IN 2019, US banking major Bank of America (BofA), which has its India head office in Mumbai, decided to commence its investment banking practice in Bengaluru, India’s unicorn hub. Since then, BofA has doubled the strength of its investment banking team in Bengaluru as it eyes a bigger slice of the start-up space. This comes at a time when the volatile stock markets have played spoilsport in many a unicorn’s journey of going public and the ventures have been forced to go back to private equity or venture capital players. “We were the first bank to have an investment banking team in Bengaluru focussed on the unicorn space. We believe it is important to be present in an ecosystem that is enabling the rise of new-age companies,” says Kaku Nakhate, President & India Country Head, BofA.
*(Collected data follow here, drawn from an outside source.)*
lemma card_hspace_sign_consistent:
  assumes G: "graph V E" and PH: "positive_height_function V E H" and SV: "S \<subseteq> V"
    and Fu: "E_fix E H \<subseteq> u" and uE: "u \<subseteq> E"
  shows "card {h\<in>hspace V E H S. sign_consistent u h \<and> P (\<lambda>v\<in>V. sgn (h v))}
    = card {\<sigma>\<in>sign_configs V u S. P \<sigma>}"
proof -
  have Hpos: "\<forall>v\<in>V. H v > 0"
    using PH unfolding positive_height_function_def by auto
  have "bij_betw (\<lambda>\<sigma>. \<lambda>v\<in>V. \<sigma> v * H v) {\<sigma>\<in>sign_configs V u S. P \<sigma>}
      {h\<in>hspace V E H S. sign_consistent u h \<and> P (\<lambda>v\<in>V. sgn (h v))}"
  proof (rule bij_betw_byWitness[where f' = "\<lambda>h. \<lambda>v\<in>V. sgn (h v)"])
    show "\<forall>\<sigma>\<in>{\<sigma>\<in>sign_configs V u S. P \<sigma>}. (\<lambda>v\<in>V. sgn ((\<lambda>v\<in>V. \<sigma> v * H v) v)) = \<sigma>"
      using sgn_restrict_sign_times_height[OF _ Hpos] unfolding sign_configs_def by blast
    show "\<forall>h\<in>{h\<in>hspace V E H S. sign_consistent u h \<and> P (\<lambda>v\<in>V. sgn (h v))}.
        (\<lambda>v\<in>V. (\<lambda>v\<in>V. sgn (h v)) v * H v) = h"
      using hspace_eq_sign_times_height by blast
    show "(\<lambda>\<sigma>. \<lambda>v\<in>V. \<sigma> v * H v) ` {\<sigma>\<in>sign_configs V u S. P \<sigma>}
        \<subseteq> {h\<in>hspace V E H S. sign_consistent u h \<and> P (\<lambda>v\<in>V. sgn (h v))}"
    proof (intro image_subsetI)
      fix \<sigma> assume \<sigma>: "\<sigma> \<in> {\<sigma>\<in>sign_configs V u S. P \<sigma>}"
      then have "\<sigma> \<in> V \<rightarrow>\<^sub>E {-1, 1}"
        unfolding sign_configs_def by blast
      then show "(\<lambda>v\<in>V. \<sigma> v * H v) \<in> {h\<in>hspace V E H S. sign_consistent u h \<and> P (\<lambda>v\<in>V. sgn (h v))}"
        using sign_times_height_in_hspace[OF G PH SV Fu uE] sgn_restrict_sign_times_height[OF _ Hpos] \<sigma>
        by auto
    qed
    show "(\<lambda>h. \<lambda>v\<in>V. sgn (h v)) ` {h\<in>hspace V E H S. sign_consistent u h \<and> P (\<lambda>v\<in>V. sgn (h v))}
        \<subseteq> {\<sigma>\<in>sign_configs V u S. P \<sigma>}"
      using sign_of_hspace_in_sign_configs[OF G PH SV uE] by blast
  qed
  then show ?thesis
    by (simp add: bij_betw_same_card)
qed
Not far from BofA’s office in Mumbai’s BKC is the office of another US banking major, JPMorgan Chase Bank India, that has been steadily expanding its commercial banking practice. The aim is to serve local mid-cap companies while making huge investments in the payments and transaction banking vertical to help digitise its MNC and e-commerce clients to better manage their cross-border flows, among other things.
US banking majors are not the only ones active in India. Germany’s Deutsche Bank Group recently launched its IFSC Banking Unit or IBU in Gujarat’s GIFT City, the country’s first International Financial Services Centre (IFSC). And HSBC India, whose parent is headquartered in London, is trying to be a “more Indian” bank, in a recent interaction.